With lone theatre bookings and the ubiquitous Web presence for Must Read…, it appears that Lipsky is using the theatrical window to gain the media attention that creates all-important awareness. But not so fast! Lipsky disavows this notion. “Not true. The fact is that opening the right film in the right theatre at the right time in New York can result in a big success. A New York opening is critical to any film because of media exposure and because of the prestige of just having the film play New York.”

So how well did Gigantic’s ambitious strategy for Must Read After My Death work? For starters, getting the right film was critical, says Lipsky, and the film, written, produced and directed by Morgan Dews, a scion of the film’s troubled family, got very good response.

The doc, a kind of Revolutionary Road meets a less toxic Capturing the Friedmans, affords an intimate, real-life look at a highly dysfunctional suburban Connecticut family in the late ’50s and ’60s. Largely a compilation of home movies and old audio tapes, the film didn’t exactly scream entitlement to big-screen exposure. Yet it had a respectable $6,500 opening weekend on the Quad screen, and, reminds Lipsky, it was the Oscar broadcast weekend.

Also crucial to the strategy was getting the media on board. Prior to the movie’s release, Lipsky had to wrestle with the fact that media coverage of indie films going to various platforms is in flux. For instance, some newspapers like The New York Times that have traditionally limited coverage just to theatrical openings are starting to recognize other platforms. So Lipsky and his team, reaching out to media in major markets across the country, pushed for such recognition.
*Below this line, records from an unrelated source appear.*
lemma one_plus_multiple_cofactor:
  fixes n s u y :: nat
  assumes "(1 + n*s) * y = 1 + n*u"
  obtains t where "y = 1 + n*t"
proof -
  have "y \<noteq> 0" using assms by (intro notI) simp
  then have "(y - 1) + n*(s*y) = n*u" using assms by (simp add: algebra_simps)
  then have "n dvd y - 1" by (metis dvd_add_left_iff dvd_triv_left)
  then obtain t where "y - 1 = n*t" by blast
  then have "y = 1 + n*t" using \<open>y \<noteq> 0\<close> by simp
  then show thesis by (rule that)
qed

lemma divisor_chain_one_mod:
  fixes n a A w c1 c2 :: nat
  assumes "0 < n" "c1 = 1 + n*a" "c2 = 1 + n*A" "c1 dvd c2" "c2 dvd 1 + n*w"
  obtains mu e where "c2 = c1 * (1 + n*mu)" "1 + n*w = c2 * (1 + n*e)"
    "A = a + mu + n*a*mu" "w = A + e + n*A*e"
proof -
  obtain m where m: "c2 = c1*m" using assms(4) by blast
  obtain d where d: "1 + n*w = c2*d" using assms(5) by blast
  obtain mu where mu: "m = 1 + n*mu"
    using one_plus_multiple_cofactor[of n a m A] m assms(2,3) by metis
  obtain e where e: "d = 1 + n*e"
    using one_plus_multiple_cofactor[of n A d w] d assms(3) by metis
  have "n * A = n * (a + mu + n*a*mu)" using m mu assms(2,3) by (simp add: algebra_simps)
  then have A: "A = a + mu + n*a*mu" using assms(1) by simp
  have "n * w = n * (A + e + n*A*e)" using d e assms(3) by (simp add: algebra_simps)
  then have w: "w = A + e + n*A*e" using assms(1) by simp
  show thesis by (rule that[OF _ _ A w]) (use m mu d e in simp_all)
qed

lemma no_nested_class_sizes:
  fixes k r c1 c2 X1 X2 :: nat
  assumes k: "2 < k" "k \<le> r" and gcd: "gcd k r \<le> 8"
    and c1: "1 < c1" and c12: "c1 dvd c2" "c1 < c2"
    and c2: "c2 dvd 1 + r*(k - 1)" "c2 < 1 + r*(k - 1)"
    and X: "k*(c1 - 1) = r*X1" "k*(c2 - 1) = r*X2" and even_X: "even X1" "even X2"
  shows False
proof -
  define g where "g = gcd k r"
  have g: "0 < g" "g \<le> 8" using k gcd by (simp_all add: g_def)
  obtain k' r' where kr: "k = k'*g" "r = r'*g" and cop: "coprime k' r'"
    using gcd_coprime_exists[of k r] g unfolding g_def by auto
  have "0 < k'" using k(1) kr(1) by (cases k') auto
  moreover have "k' \<le> r'" using k kr g by simp
  ultimately have r': "0 < r'" by simp
  have "k'*(c1 - 1) = r'*X1" "k'*(c2 - 1) = r'*X2"
    using X kr g by (simp_all add: ac_simps)
  then obtain a A where a: "c1 - 1 = r'*a" "X1 = k'*a" and A: "c2 - 1 = r'*A" "X2 = k'*A"
    using coprime_crossmult_obtain[OF cop _ r'] by metis
  have v: "1 + r*(k - 1) = 1 + r'*(g*(k - 1))" using kr by simp
  have c_eq: "c1 = 1 + r'*a" "c2 = 1 + r'*A" using a A c1 c12 by simp_all
  then obtain mu e where chain: "c2 = c1 * (1 + r'*mu)" "1 + r*(k - 1) = c2 * (1 + r'*e)"
    and A_eq: "A = a + mu + r'*a*mu" and v_eq: "g*(k - 1) = A + e + r'*A*e"
    using divisor_chain_one_mod[OF r' _ _ c12(1) c2(1)[unfolded v]] unfolding v by blast
  have pos: "0 < a" "0 < mu" "0 < e" using c1 c_eq(1) c12 c2 chain by auto
  have "g*g*k' = g*k" using kr by simp
  also have "\<dots> = g + g*(k - 1)" using k by (cases k) simp_all
  finally have eq: "g*g*k' = g + A + e + r'*A*e" using v_eq by simp
  have "k*(k - 1) = k'*(g*(k - 1))" using kr by (simp add: ac_simps)
  also have "\<dots> = k'*A*(1 + r'*e) + k'*e" unfolding v_eq by (simp add: algebra_simps)
  finally have kk: "k*(k - 1) = k'*A*(1 + r'*e) + k'*e" .
  have "even (k*(k - 1))" "even (k'*A*(1 + r'*e))" using A even_X by auto
  then have "even (k'*e)" unfolding kk by (simp only: even_add)
  moreover have "\<not> (even k' \<and> even r')" using cop by (auto dest: coprime_common_divisor)
  ultimately show False
    using chain_equation_unsolvable[OF g pos \<open>k' \<le> r'\<close>] eq even_X a A A_eq by blast
qed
This broader-minded approach to films reaching viewers whatever the platform also bodes change for popular online film review aggregators like Metacritic and Rotten Tomatoes. Explaining the “volatility,” Lipsky observes, “Metacritic, for instance, wasn’t accepting some Gigantic [Must Read…] reviews when they didn’t originate on [a print publication’s] movie review pages. Now, however, Rotten Tomatoes follows any critics on the site’s approved list, which could include critics who are only online.”



Just days before the Must Read… release, Lipsky said that that Feb. 20 opening weekend would be “key” and “the most exciting and challenging moment in my career.”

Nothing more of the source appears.